Elon Musk Dumped 75% of Tesla's Bitcoin Last Quarter, and Wants Out of His Deal to Buy Twitter. Plunging Asset Prices and Recession Fears May Explain Why
The Tesla CEO is also trying to renege on his $44 billion agreement to buy Twitter.
Elon Musk, who's currently trying to back out of buying Twitter, revealed on Wednesday that Tesla dumped 75% of its bitcoin holdings last quarter. The mercurial tech billionaire has offered excuses, but it seems likely that plunging asset prices and a bleak economic backdrop played a role in both decisions.
Musk has accused Twitter of massively understating the number of bots on its platform, refusing to provide the data he needs to assess the scale of the problem himself, and allowing key executives to leave since he made a $44 billion offer to buy the social-media company in April. Twitter is suing Musk to enforce the binding merger agreement he signed, and the two parties are poised to face off in court within months.
Meanwhile, Musk said Tesla disposed of $936 million worth of bitcoin to shore up its cash reserves, as COVID-19 lockdowns continue to disrupt its Shanghai factory. While the Tesla CEO noted his electric-vehicle company hasn't sold any of its dogecoin, he and emphasized Tesla's focus is on shifting the world towards sustainable energy sources, and described cryptocurrencies as a "sideshow to the sideshow" and "not something we think about a lot."
Perhaps Musk has truly soured on his Twitter deal because he's worried about its bots, despite making their removal a key element of his plan to revitalize the business. Maybe he did fear a cash crunch at Tesla, and rushed to swap its bitcoin for dollars, even though his company's operating cash flow grew by 11% year-on-year to $2.4 billion last quarter, and it ended the period with over $18 billion in cash and cash equivalents.
Yet it's easy to imagine the 22% drop in Twitter stock since Musk first disclosed a stake in the company in early April, and the 32% slump in Tesla stock over the same period, factored into his thinking. After all, his offer for Twitter now represents a hefty 30% premium to its current market value, and buying it will eat up a much larger proportion of his fortune today than before his Tesla shares tanked in value.
Meanwhile, bitcoin has tumbled by roughly a third since Tesla first purchased it in early 2021, and plunged by about 57% last quarter alone. While Musk said Tesla was open to boosting its bitcoin holdings in the future, and its disposals shouldn't be taken as a verdict on the coin's prospects, the timing of the sales is hard to ignore.
The declines in Tesla, Twitter, and bitcoin this year are undoubtedly tied to the US economic outlook. Inflation has spiked to 40-year highs in recent months, spurring the Federal Reserve to rapidly hike interest rates and shrink its balance sheet. Coupled with Americans feeling the pain of higher food, fuel, and housing costs, several experts are bracing for weaker consumer demand, pressure on corporate profits, and a potential recession.

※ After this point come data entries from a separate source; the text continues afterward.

theorem mainTheorem3:
  shows "\<not> simulable (\<lambda>p. complex_of_real p) (\<lambda>p. complex_of_real (sqrt (1 - p\<^sup>2)))"
proof
  assume "simulable (\<lambda>p. complex_of_real p) (\<lambda>p. complex_of_real (sqrt (1 - p\<^sup>2)))"
  then have "scaled_entire (\<lambda>p. qubit (of_real p) (of_real (sqrt (1 - p\<^sup>2))))"
    by (rule reach_simulable_scaled_entire[THEN conjunct2, rule_format])
  then show False
  proof (rule scaled_entire_sqrt_pair_identity)
    fix G0 G1 :: "complex \<Rightarrow> complex"
    assume "G0 holomorphic_on UNIV" "G1 holomorphic_on UNIV"
      and "\<And>w. sin w ^ 4 * G1 w ^ 2 = (1 - sin w ^ 4) * G0 w ^ 2"
    then have "(\<forall>w. G0 w = 0) \<or> (\<forall>w. G1 w = 0)"
      by (rule entire_square_ratio_sin_power4_trivial)
    moreover assume "G0 (of_real (pi/4)) \<noteq> 0" "G1 (of_real (pi/4)) \<noteq> 0"
    ultimately show False by blast
  qed
qed

end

Indeed, Musk proclaimed last month that a recession was "inevitable" at some point, and probable in the near term. The capricious executive also announced a roughly 10% reduction to Tesla's workforce over three months or so, as the company has hired too aggressively in some areas.
Musk may have moved to scrap his Twitter takeover, and taken a knife to Tesla's bitcoin stash, for precisely the reasons he's outlined. But it's notable that he offered to buy Twitter and invested in bitcoin when asset prices were much higher, market sentiment was far more speculative and carefree, and the economic outlook was rosier.
Now that Tesla, Twitter, and bitcoin have slumped in price, and there's a recession looming, Musk may be retrenching and attempting to reverse some of his wilder moves as a gloomier reality sets in.
Tesla didn't immediately respond to a request for comment from Insider.